Material provided START

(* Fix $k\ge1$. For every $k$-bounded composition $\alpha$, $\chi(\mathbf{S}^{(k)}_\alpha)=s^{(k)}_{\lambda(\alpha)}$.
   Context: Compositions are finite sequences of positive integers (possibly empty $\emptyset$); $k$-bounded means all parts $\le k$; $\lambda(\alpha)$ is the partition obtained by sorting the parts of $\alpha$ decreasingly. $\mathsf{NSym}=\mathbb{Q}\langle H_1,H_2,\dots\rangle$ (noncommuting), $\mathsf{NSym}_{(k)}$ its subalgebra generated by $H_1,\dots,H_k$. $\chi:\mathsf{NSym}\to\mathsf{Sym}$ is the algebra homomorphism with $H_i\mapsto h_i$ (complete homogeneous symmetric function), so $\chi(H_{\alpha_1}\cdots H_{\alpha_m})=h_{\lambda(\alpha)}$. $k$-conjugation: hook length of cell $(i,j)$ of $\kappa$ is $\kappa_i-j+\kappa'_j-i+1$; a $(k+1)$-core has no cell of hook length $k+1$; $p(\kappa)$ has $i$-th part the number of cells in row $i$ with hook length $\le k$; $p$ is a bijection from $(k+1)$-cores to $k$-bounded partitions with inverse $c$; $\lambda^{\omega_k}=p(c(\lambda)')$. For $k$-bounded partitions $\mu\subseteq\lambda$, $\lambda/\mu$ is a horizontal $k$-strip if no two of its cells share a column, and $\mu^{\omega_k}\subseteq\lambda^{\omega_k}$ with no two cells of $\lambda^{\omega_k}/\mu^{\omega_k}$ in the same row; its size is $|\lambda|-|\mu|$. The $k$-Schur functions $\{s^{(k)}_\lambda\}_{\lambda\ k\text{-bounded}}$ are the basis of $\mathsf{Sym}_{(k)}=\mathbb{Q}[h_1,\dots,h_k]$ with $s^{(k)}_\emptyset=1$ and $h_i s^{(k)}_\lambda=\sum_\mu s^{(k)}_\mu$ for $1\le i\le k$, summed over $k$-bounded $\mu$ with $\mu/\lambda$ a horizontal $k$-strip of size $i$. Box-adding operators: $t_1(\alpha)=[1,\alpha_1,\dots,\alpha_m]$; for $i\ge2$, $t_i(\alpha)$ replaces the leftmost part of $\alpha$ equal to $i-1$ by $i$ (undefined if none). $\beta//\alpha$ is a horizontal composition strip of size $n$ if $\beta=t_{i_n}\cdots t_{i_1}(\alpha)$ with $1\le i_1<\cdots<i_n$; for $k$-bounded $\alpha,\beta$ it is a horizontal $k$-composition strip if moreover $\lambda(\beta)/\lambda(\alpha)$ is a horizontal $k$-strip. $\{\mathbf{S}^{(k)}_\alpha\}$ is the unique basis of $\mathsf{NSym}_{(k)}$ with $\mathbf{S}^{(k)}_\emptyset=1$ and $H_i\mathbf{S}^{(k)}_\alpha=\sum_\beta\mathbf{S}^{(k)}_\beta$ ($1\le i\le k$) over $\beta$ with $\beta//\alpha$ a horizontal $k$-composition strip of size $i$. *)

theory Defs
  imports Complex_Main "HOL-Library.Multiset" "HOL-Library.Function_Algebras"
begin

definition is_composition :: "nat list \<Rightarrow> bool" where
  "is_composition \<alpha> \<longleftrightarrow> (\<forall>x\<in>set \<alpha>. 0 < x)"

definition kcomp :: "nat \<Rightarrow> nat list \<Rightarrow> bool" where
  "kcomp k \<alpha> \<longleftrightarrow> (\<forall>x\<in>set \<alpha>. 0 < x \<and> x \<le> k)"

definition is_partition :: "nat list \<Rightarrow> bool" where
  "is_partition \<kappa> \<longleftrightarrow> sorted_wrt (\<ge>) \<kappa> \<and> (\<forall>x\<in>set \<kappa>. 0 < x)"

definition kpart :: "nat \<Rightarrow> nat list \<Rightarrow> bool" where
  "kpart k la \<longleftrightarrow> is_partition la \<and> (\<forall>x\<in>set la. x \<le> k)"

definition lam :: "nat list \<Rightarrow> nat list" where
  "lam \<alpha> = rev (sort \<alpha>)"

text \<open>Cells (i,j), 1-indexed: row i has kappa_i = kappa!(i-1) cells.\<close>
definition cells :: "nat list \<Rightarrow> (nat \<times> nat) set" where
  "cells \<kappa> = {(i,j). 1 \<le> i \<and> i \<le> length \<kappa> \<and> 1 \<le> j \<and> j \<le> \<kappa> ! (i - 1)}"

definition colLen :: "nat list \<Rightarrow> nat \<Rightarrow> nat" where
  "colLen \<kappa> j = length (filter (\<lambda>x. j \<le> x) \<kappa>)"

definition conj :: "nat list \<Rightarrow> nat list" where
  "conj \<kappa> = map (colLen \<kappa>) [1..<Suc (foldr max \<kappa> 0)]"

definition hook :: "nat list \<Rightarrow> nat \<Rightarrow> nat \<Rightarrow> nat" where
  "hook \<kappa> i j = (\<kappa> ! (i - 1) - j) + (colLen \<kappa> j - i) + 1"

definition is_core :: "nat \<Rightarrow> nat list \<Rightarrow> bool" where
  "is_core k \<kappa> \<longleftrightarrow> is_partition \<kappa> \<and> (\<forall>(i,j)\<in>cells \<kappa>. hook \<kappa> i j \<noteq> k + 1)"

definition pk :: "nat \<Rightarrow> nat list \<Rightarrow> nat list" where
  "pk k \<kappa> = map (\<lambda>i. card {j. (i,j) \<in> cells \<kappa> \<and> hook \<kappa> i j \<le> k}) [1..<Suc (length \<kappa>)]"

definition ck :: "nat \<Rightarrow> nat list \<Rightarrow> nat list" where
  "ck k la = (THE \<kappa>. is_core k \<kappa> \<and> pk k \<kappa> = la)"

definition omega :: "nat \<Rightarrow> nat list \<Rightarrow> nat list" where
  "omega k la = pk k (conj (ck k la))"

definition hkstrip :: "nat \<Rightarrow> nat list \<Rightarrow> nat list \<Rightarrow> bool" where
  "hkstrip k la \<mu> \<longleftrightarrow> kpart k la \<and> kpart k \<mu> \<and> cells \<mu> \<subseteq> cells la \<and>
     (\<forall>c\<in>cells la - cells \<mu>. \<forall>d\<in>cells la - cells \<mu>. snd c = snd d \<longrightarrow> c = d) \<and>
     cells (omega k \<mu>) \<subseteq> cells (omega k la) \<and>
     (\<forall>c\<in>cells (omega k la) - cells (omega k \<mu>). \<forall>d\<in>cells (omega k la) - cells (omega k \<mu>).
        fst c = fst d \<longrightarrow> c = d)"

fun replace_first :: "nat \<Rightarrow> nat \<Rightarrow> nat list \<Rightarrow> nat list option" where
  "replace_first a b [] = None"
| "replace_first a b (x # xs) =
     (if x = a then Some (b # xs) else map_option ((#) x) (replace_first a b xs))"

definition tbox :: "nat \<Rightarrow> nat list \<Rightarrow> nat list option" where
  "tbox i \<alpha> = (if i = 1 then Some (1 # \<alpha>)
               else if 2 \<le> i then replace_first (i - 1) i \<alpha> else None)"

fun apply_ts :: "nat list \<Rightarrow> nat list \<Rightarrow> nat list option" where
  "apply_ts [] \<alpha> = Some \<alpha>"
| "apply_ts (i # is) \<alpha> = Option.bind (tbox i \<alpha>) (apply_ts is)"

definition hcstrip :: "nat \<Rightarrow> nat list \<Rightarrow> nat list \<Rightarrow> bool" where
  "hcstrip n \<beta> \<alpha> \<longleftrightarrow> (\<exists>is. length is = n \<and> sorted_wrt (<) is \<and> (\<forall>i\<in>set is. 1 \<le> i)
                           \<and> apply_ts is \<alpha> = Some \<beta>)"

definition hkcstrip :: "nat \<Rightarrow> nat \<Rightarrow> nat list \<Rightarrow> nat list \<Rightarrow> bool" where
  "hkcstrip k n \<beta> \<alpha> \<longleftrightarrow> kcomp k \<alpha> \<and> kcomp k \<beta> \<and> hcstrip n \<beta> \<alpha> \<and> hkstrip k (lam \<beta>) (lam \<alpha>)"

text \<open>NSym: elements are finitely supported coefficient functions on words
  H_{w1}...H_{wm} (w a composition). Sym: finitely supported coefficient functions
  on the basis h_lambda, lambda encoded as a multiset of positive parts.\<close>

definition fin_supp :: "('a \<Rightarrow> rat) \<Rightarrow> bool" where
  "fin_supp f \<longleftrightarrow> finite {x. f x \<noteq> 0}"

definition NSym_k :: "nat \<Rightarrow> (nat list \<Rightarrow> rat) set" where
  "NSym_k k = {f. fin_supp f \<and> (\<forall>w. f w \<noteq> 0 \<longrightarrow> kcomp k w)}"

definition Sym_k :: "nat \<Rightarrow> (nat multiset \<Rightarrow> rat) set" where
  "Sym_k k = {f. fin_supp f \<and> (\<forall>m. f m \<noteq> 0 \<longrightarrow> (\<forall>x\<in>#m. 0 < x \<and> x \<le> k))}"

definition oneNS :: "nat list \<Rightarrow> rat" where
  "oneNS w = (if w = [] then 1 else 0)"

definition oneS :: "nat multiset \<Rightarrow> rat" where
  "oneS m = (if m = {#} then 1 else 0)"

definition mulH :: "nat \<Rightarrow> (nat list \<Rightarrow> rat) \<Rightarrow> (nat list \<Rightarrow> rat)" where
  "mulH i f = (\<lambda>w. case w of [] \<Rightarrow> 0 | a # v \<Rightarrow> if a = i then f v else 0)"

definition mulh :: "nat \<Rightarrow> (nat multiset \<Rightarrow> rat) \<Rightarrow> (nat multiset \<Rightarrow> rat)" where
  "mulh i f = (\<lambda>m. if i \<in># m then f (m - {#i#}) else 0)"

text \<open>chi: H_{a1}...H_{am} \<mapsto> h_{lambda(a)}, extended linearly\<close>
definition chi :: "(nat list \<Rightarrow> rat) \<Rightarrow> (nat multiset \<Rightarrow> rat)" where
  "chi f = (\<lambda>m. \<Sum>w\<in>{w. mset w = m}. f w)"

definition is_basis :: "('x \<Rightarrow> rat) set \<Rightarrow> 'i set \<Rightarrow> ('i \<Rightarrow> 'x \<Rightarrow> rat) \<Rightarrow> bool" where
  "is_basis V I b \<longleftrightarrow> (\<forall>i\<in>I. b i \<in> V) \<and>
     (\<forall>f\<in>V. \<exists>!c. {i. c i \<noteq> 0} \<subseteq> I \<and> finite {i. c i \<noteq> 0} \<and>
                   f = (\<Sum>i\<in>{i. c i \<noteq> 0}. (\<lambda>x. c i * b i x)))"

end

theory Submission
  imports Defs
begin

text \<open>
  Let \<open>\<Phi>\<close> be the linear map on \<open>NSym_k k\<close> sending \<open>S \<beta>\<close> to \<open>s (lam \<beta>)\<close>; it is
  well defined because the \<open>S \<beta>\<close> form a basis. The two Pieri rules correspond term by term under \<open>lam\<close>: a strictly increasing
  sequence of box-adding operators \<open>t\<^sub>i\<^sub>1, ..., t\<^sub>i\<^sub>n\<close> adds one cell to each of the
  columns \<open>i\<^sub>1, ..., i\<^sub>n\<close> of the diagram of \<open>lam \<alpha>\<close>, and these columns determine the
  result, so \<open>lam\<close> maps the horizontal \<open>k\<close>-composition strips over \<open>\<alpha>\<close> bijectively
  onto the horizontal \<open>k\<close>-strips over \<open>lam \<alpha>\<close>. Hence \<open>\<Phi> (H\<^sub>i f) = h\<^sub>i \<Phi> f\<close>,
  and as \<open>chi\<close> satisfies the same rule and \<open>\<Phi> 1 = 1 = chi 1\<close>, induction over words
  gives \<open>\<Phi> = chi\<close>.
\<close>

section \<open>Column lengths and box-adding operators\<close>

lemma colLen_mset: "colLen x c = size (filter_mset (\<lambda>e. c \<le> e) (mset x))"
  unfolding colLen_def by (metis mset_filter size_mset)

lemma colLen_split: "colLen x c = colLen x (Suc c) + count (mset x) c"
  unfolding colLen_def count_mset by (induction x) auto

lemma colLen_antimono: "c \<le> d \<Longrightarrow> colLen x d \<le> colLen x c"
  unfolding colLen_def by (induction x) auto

Material provided END

- Exercise description -
Find the string "kpart" in the material above, and report every line where it occurs.

- Written answer -
definition kpart :: "nat \<Rightarrow> nat list \<Rightarrow> bool" where
  "kpart k la \<longleftrightarrow> is_partition la \<and> (\<forall>x\<in>set la. x \<le> k)"
  "hkstrip k la \<mu> \<longleftrightarrow> kpart k la \<and> kpart k \<mu> \<and> cells \<mu> \<subseteq> cells la \<and>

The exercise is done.